Manche verabschiedeten sich selbst von dieser auferlegten Verbesserung ihres Lebens „und prangern die Fehler und Defizite der anderen an“, wies der Bischof hin.

Christlich sei demgegenüber die realistische Sichtweise: Im Leben gibt es Behinderung, Krankheit, Sünde, Schwächen und Defizite. Der Glauben entlaste vom Druck, innerweltlich Heil herstellen zu müssen, so Scheuer. Sich von Gott lieben zu lassen, befreie aus dem „Teufelskreis der Selbstüberhebung und der Selbstverachtung, befreit vom Gotteskomplex und vom Mittelpunktwahn“. Der Mensch werde zur Annahme seiner Endlichkeit und Sterblichkeit befreit.

Marketz: Glaube statt Impfstreiterei

„Es gibt ja doch noch Wunder in dieser Welt!“ Mit dieser Feststellung begann der Kärntner Bischof Josef Marketz seine Christtagspredigt im Klagenfurter Dom. Er bekannte, während der vergangenen Monate „wirklich unglücklich“ gewesen zu sein darüber, "dass so viele Menschen, die etwas von mir wollten, sich nur noch über die Kirche beschwerten:

Warum handelt sie so und nicht anders?
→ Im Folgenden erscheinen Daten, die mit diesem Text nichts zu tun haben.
(* Let $\hat R=\begin{pmatrix}1&0&0&1\\0&1&-1&0\\0&1&1&0\\-1&0&0&1\end{pmatrix}$, $P_{(+)}=\tfrac12\big(I+i(\hat R-I)\big)$, let $a$ be a complex-valued function on a multiplicatively closed set $G\subseteq\mathbb C\setminus\{0\}$, and set $\hat R(x)=I+a(x)P_{(+)}$. Then for all $x,y\in G$, $$\hat R_{(12)}(x)\hat R_{(23)}(xy)\hat R_{(12)}(y)-\hat R_{(23)}(y)\hat R_{(12)}(xy)\hat R_{(23)}(x)=\Big(a(x)+a(y)+a(x)a(y)-a(xy)\big(1-\tfrac12a(x)a(y)\big)\Big)\big(P_{(+)12}-P_{(+)23}\big).$$ Hence $\hat R(x)$ satisfies the parametrised Yang–Baxter equation $\hat R_{(12)}(x)\hat R_{(23)}(xy)\hat R_{(12)}(y)=\hat R_{(23)}(y)\hat R_{(12)}(xy)\hat R_{(23)}(x)$ for all $x,y\in G$ if and only if $a(xy)\big(1-\tfrac12a(x)a(y)\big)=a(x)+a(y)+a(x)a(y)$ for all $x,y\in G$.
   Context: $I$ is the identity matrix. For a $4\times4$ matrix $A$ acting on $\mathbb C^2\otimes\mathbb C^2$ (basis ordered $e_1\otimes e_1,e_1\otimes e_2,e_2\otimes e_1,e_2\otimes e_2$), $A_{(12)}=A_{12}=A\otimes I_2$ and $A_{(23)}=A_{23}=I_2\otimes A$ acting on $(\mathbb C^2)^{\otimes 3}$. *)

theory Defs
  imports Complex_Main "Jordan_Normal_Form.Matrix"
begin

text \<open>Kronecker (tensor) product of matrices, with the standard index ordering:
  row index i of the product corresponds to (i div dim_row B, i mod dim_row B).
  This matches the basis ordering e1(x)e1, e1(x)e2, e2(x)e1, e2(x)e2.\<close>
definition kron :: "'a::semiring_1 mat \<Rightarrow> 'a mat \<Rightarrow> 'a mat" where
  "kron A B = mat (dim_row A * dim_row B) (dim_col A * dim_col B)
     (\<lambda>(i,j). A $$ (i div dim_row B, j div dim_col B) * B $$ (i mod dim_row B, j mod dim_col B))"

definition op12 :: "complex mat \<Rightarrow> complex mat" where
  "op12 A = kron A (1\<^sub>m 2)"

definition op23 :: "complex mat \<Rightarrow> complex mat" where
  "op23 A = kron (1\<^sub>m 2) A"

definition Rhat :: "complex mat" where
  "Rhat = mat_of_rows_list 4 [[1,0,0,1],[0,1,-1,0],[0,1,1,0],[-1,0,0,1]]"

definition Pplus :: "complex mat" where
  "Pplus = (1/2) \<cdot>\<^sub>m (1\<^sub>m 4 + \<i> \<cdot>\<^sub>m (Rhat - 1\<^sub>m 4))"

definition Rpar :: "(complex \<Rightarrow> complex) \<Rightarrow> complex \<Rightarrow> complex mat" where
  "Rpar a x = 1\<^sub>m 4 + a x \<cdot>\<^sub>m Pplus"

end

theory Submission
  imports Defs
begin

(* Write P12 = op12 Pplus and P23 = op23 Pplus, so that op12 (Rpar a x) = 1 + a x P12 and
   op23 (Rpar a x) = 1 + a x P23. Both are idempotent (P(+) is a projector and op12, op23 are
   multiplicative), and an explicit 8 x 8 computation gives P12 P23 P12 - P23 P12 P23 = (P12 - P23)/2.
   For any idempotents A, B with ABA - BAB = c (A - B), multiplying out
   (1 + xA)(1 + zB)(1 + yA) - (1 + yB)(1 + zA)(1 + xB) leaves only
   (x + y + xy - z (1 - c x y)) (A - B). Since P12 - P23 is nonzero, the Yang-Baxter equation
   holds exactly when this scalar vanishes. *)

lemma dim_row_kron [simp]: "dim_row (kron A B) = dim_row A * dim_row B"
  and dim_col_kron [simp]: "dim_col (kron A B) = dim_col A * dim_col B"
  by (simp_all add: kron_def)

lemma index_kron [simp]:
  "i < dim_row A * dim_row B \<Longrightarrow> j < dim_col A * dim_col B \<Longrightarrow>
   kron A B $$ (i, j) = A $$ (i div dim_row B, j div dim_col B) * B $$ (i mod dim_row B, j mod dim_col B)"
  by (simp add: kron_def)

lemma less_mult_imp_mod_less: "i < m * n \<Longrightarrow> i mod n < (n::nat)"
  by (cases "n = 0") auto

lemma sum_lessThan_mult_div_mod:
  fixes n q :: nat
  shows "(\<Sum>k<n * q. f (k div q) (k mod q)) = (\<Sum>u<n. \<Sum>v<q. f u v)"
proof -
  have "(\<Sum>k<n * q. f (k div q) (k mod q)) = (\<Sum>(u, v)\<in>{..<n} \<times> {..<q}. f u v)"
  proof (rule sum.reindex_bij_witness[where i = "\<lambda>(u, v). u * q + v" and j = "\<lambda>k. (k div q, k mod q)"])
    show "(k div q, k mod q) \<in> {..<n} \<times> {..<q}" if "k \<in> {..<n * q}" for k
      using that by (simp add: less_mult_imp_div_less less_mult_imp_mod_less)
    show "(case uv of (u, v) \<Rightarrow> u * q + v) \<in> {..<n * q}" if "uv \<in> {..<n} \<times> {..<q}" for uv
    proof -
      have "u * q + v < n * q" if "u < n" "v < q" for u v
      proof -
        have "u * q + v < Suc u * q" using \<open>v < q\<close> by simp
        also have "\<dots> \<le> n * q" using \<open>u < n\<close> by (intro mult_le_mono1) simp
        finally show ?thesis .
      qed
      with that show ?thesis by auto
    qed
  qed auto
  also have "\<dots> = (\<Sum>u<n. \<Sum>v<q. f u v)"
    by (rule sum.cartesian_product[symmetric])
  finally show ?thesis .
qed

lemma kron_mult:
  fixes A B C D :: "'a::comm_semiring_1 mat"
  assumes "A \<in> carrier_mat m n" "B \<in> carrier_mat p q" "C \<in> carrier_mat n r" "D \<in> carrier_mat q s"
  shows "kron A B * kron C D = kron (A * C) (B * D)"
proof (rule eq_matI)
  fix i j assume "i < dim_row (kron (A * C) (B * D))" "j < dim_col (kron (A * C) (B * D))"
  with assms have ij: "i < m * p" "j < r * s" by simp_all
  then have "i div p < m" "j div s < r" "i mod p < p" "j mod s < s"
    by (simp_all add: less_mult_imp_div_less less_mult_imp_mod_less)
  have "(kron A B * kron C D) $$ (i, j) =
      (\<Sum>k<n * q. A $$ (i div p, k div q) * B $$ (i mod p, k mod q) *
                   (C $$ (k div q, j div s) * D $$ (k mod q, j mod s)))"
    using assms ij by (simp add: scalar_prod_def lessThan_atLeast0 less_mult_imp_div_less less_mult_imp_mod_less)
  also have "\<dots> = (\<Sum>u<n. \<Sum>v<q. A $$ (i div p, u) * C $$ (u, j div s) * (B $$ (i mod p, v) * D $$ (v, j mod s)))"
    by (subst sum_lessThan_mult_div_mod) (simp add: ac_simps)
  also have "\<dots> = (A * C) $$ (i div p, j div s) * (B * D) $$ (i mod p, j mod s)"
    using assms \<open>i div p < m\<close> \<open>j div s < r\<close> \<open>i mod p < p\<close> \<open>j mod s < s\<close>
    by (simp add: scalar_prod_def lessThan_atLeast0 sum_product)
  finally show "(kron A B * kron C D) $$ (i, j) = kron (A * C) (B * D) $$ (i, j)"
    using assms ij by simp
qed (use assms in simp_all)

lemma kron_one_one: "kron (1\<^sub>m m) (1\<^sub>m n) = (1\<^sub>m (m * n) :: 'a::semiring_1 mat)"
proof (rule eq_matI)
  fix i j assume "i < dim_row (1\<^sub>m (m * n) :: 'a mat)" "j < dim_col (1\<^sub>m (m * n) :: 'a mat)"
  then have ij: "i < m * n" "j < m * n" by simp_all
  then have "i div n < m" "j div n < m" "i mod n < n" "j mod n < n"
    by (simp_all add: less_mult_imp_div_less less_mult_imp_mod_less)
  moreover have "(i div n = j div n \<and> i mod n = j mod n) \<longleftrightarrow> i = j"
    by (metis div_mult_mod_eq)
  ultimately show "kron (1\<^sub>m m) (1\<^sub>m n) $$ (i, j) = (1\<^sub>m (m * n) :: 'a mat) $$ (i, j)"
    using ij by auto
qed auto

lemma kron_add_left:
  assumes "A \<in> carrier_mat m n" "B \<in> carrier_mat m n"
  shows "kron (A + B) C = kron A C + kron B C"
  by (rule eq_matI) (use assms in \<open>auto simp: less_mult_imp_div_less distrib_right\<close>)

lemma kron_add_right:
  assumes "B \<in> carrier_mat m n" "C \<in> carrier_mat m n"
  shows "kron A (B + C) = kron A B + kron A C"
  by (rule eq_matI) (use assms in \<open>auto simp: distrib_left less_mult_imp_mod_less\<close>)

lemma kron_smult_left: "kron (c \<cdot>\<^sub>m A) B = c \<cdot>\<^sub>m kron A B"
  by (rule eq_matI) (auto simp: less_mult_imp_div_less mult.assoc)

lemma kron_smult_right: "kron A (c \<cdot>\<^sub>m B) = c \<cdot>\<^sub>m kron (A :: 'a::comm_semiring_1 mat) B"
  by (rule eq_matI) (auto simp: ac_simps less_mult_imp_mod_less)

lemma one_plus_smult_triple_expand:
  fixes A B :: "'a::comm_ring_1 mat"
  assumes A: "A \<in> carrier_mat n n" and B: "B \<in> carrier_mat n n" and AA: "A * A = A"
  shows "(1\<^sub>m n + x \<cdot>\<^sub>m A) * (1\<^sub>m n + z \<cdot>\<^sub>m B) * (1\<^sub>m n + y \<cdot>\<^sub>m A)
       = 1\<^sub>m n + (x + y + x * y) \<cdot>\<^sub>m A + z \<cdot>\<^sub>m B + (x * z) \<cdot>\<^sub>m (A * B) + (y * z) \<cdot>\<^sub>m (B * A)
         + (x * y * z) \<cdot>\<^sub>m (A * (B * A))"
  using A B AA
  by (simp add: add_mult_distrib_mat[of _ n n _ _ n] mult_add_distrib_mat[of _ n n _ n]
      mult_smult_distrib[of _ n n _ n] mult_smult_assoc_mat[of _ n n _ n])
    (intro eq_matI; simp add: algebra_simps)

lemma yang_baxter_defect_of_idempotents:
  fixes A B :: "'a::comm_ring_1 mat"
  assumes A: "A \<in> carrier_mat n n" and B: "B \<in> carrier_mat n n"
    and AA: "A * A = A" and BB: "B * B = B"
    and rel: "A * (B * A) - B * (A * B) = c \<cdot>\<^sub>m (A - B)"
  shows "(1\<^sub>m n + x \<cdot>\<^sub>m A) * (1\<^sub>m n + z \<cdot>\<^sub>m B) * (1\<^sub>m n + y \<cdot>\<^sub>m A)
       - (1\<^sub>m n + y \<cdot>\<^sub>m B) * (1\<^sub>m n + z \<cdot>\<^sub>m A) * (1\<^sub>m n + x \<cdot>\<^sub>m B)
       = (x + y + x * y - z * (1 - c * x * y)) \<cdot>\<^sub>m (A - B)"
proof -
  define AB BA ABA BAB where "AB = A * B" and "BA = B * A" and "ABA = A * (B * A)" and "BAB = B * (A * B)"
  have carrier: "AB \<in> carrier_mat n n" "BA \<in> carrier_mat n n" "ABA \<in> carrier_mat n n" "BAB \<in> carrier_mat n n"
    using A B by (simp_all add: AB_def BA_def ABA_def BAB_def)
  have rel_entry: "ABA $$ (i, j) = BAB $$ (i, j) + c * (A $$ (i, j) - B $$ (i, j))" if "i < n" "j < n" for i j
  proof -
    have "(ABA - BAB) $$ (i, j) = (c \<cdot>\<^sub>m (A - B)) $$ (i, j)"
      using rel by (simp add: ABA_def BAB_def)
    with that A B carrier show ?thesis by (simp add: algebra_simps)
  qed
  show ?thesis
    unfolding one_plus_smult_triple_expand[OF A B AA] one_plus_smult_triple_expand[OF B A BB]
    unfolding ABA_def[symmetric] BAB_def[symmetric] unfolding AB_def[symmetric] BA_def[symmetric]
    using A B carrier by (intro eq_matI) (auto simp: rel_entry algebra_simps)
qed

lemma mat_eq_iff_smult_coeff_zero:
  fixes X Y D :: "'a::idom mat"
  assumes X: "X \<in> carrier_mat n m" and Y: "Y \<in> carrier_mat n m" and D: "D \<in> carrier_mat n m"
    and diff: "X - Y = c \<cdot>\<^sub>m D" and "D \<noteq> 0\<^sub>m n m"
  shows "X = Y \<longleftrightarrow> c = 0"
proof
  obtain i j where ij: "i < n" "j < m" and "D $$ (i, j) \<noteq> 0"
    using \<open>D \<noteq> 0\<^sub>m n m\<close> D by (metis carrier_matD eq_matI index_zero_mat zero_carrier_mat)
  assume "X = Y"
  then have "(c \<cdot>\<^sub>m D) $$ (i, j) = 0"
    using diff ij Y by (metis carrier_matD index_minus_mat minus_r_inv_mat index_zero_mat)
  with ij D \<open>D $$ (i, j) \<noteq> 0\<close> show "c = 0" by simp
next
  assume "c = 0"
  show "X = Y"
  proof (rule eq_matI)
    fix i j assume ij: "i < dim_row Y" "j < dim_col Y"
    then have "(X - Y) $$ (i, j) = (c \<cdot>\<^sub>m D) $$ (i, j)" using diff by simp
    with ij X Y D \<open>c = 0\<close> show "X $$ (i, j) = Y $$ (i, j)" by simp
  qed (use X Y in simp_all)
qed

lemma eq_square_matI:
  assumes "dim_row A = n" "dim_col A = n" "dim_row B = n" "dim_col B = n"
    and "\<forall>i\<in>{0..<n}. \<forall>j\<in>{0..<n}. A $$ (i, j) = B $$ (i, j)"
  shows "A = B"
  using assms by (intro eq_matI) auto

lemma Pplus_carrier: "Pplus \<in> carrier_mat 4 4"
  unfolding carrier_mat_def by (simp add: Pplus_def Rhat_def mat_of_rows_list_def)

lemma Pplus_idempotent: "Pplus * Pplus = Pplus"
  by (rule eq_square_matI[where n = 4])
    (simp_all add: Pplus_def Rhat_def mat_of_rows_list_def scalar_prod_def
      atLeastLessThan_nat_numeral field_simps)

lemma op12_carrier: "A \<in> carrier_mat n n \<Longrightarrow> op12 A \<in> carrier_mat (2 * n) (2 * n)"
  and op23_carrier: "A \<in> carrier_mat n n \<Longrightarrow> op23 A \<in> carrier_mat (2 * n) (2 * n)"
  by (auto simp: op12_def op23_def)

lemma op12_idempotent: "A \<in> carrier_mat n n \<Longrightarrow> A * A = A \<Longrightarrow> op12 A * op12 A = op12 A"
  and op23_idempotent: "A \<in> carrier_mat n n \<Longrightarrow> A * A = A \<Longrightarrow> op23 A * op23 A = op23 A"
  by (simp_all add: op12_def op23_def kron_mult[of _ n n _ 2 2 _ n _ 2] kron_mult[of _ 2 2 _ n n _ 2 _ n])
Warum setzt sie sich für die einen ein und nicht für die anderen usw." Doch jetzt, zu Weihnachten, würden plötzlich viele Journalisten und auch Gläubige laut nach Gott fragen, nach seiner Bedeutung für die gegenwärtige Zeit, nach den Taten, Gesten und Worten Jesu Christi, die uns in dieser Krise weiterhelfen könnten.

Christsein bedeutet nach den Worten von Bischof Marketz, „dass wir dem Wesen Gottes in unserem konkreten Leben, in unseren Worten und Taten eine menschliche Gestalt geben.“ Wie Jesus etwas von Gott selbst sichtbar zu machen sei ein großes Programm, das in vielen kleinen Handlungen umgesetzt wird.

Das führte Marketz zur kritischen Anfrage: „Wie kann man die Mitgliedschaft in unserer Kirche davon abhängig machen, ob man geimpft ist oder nicht bzw. sich für das eine oder andere ausspricht??“ Er schloss mit dem Wunsch, „dass die Liebe, die Weisheit und Menschenfreundlichkeit Gottes in unserem Leben immer mehr Fleisch werde“.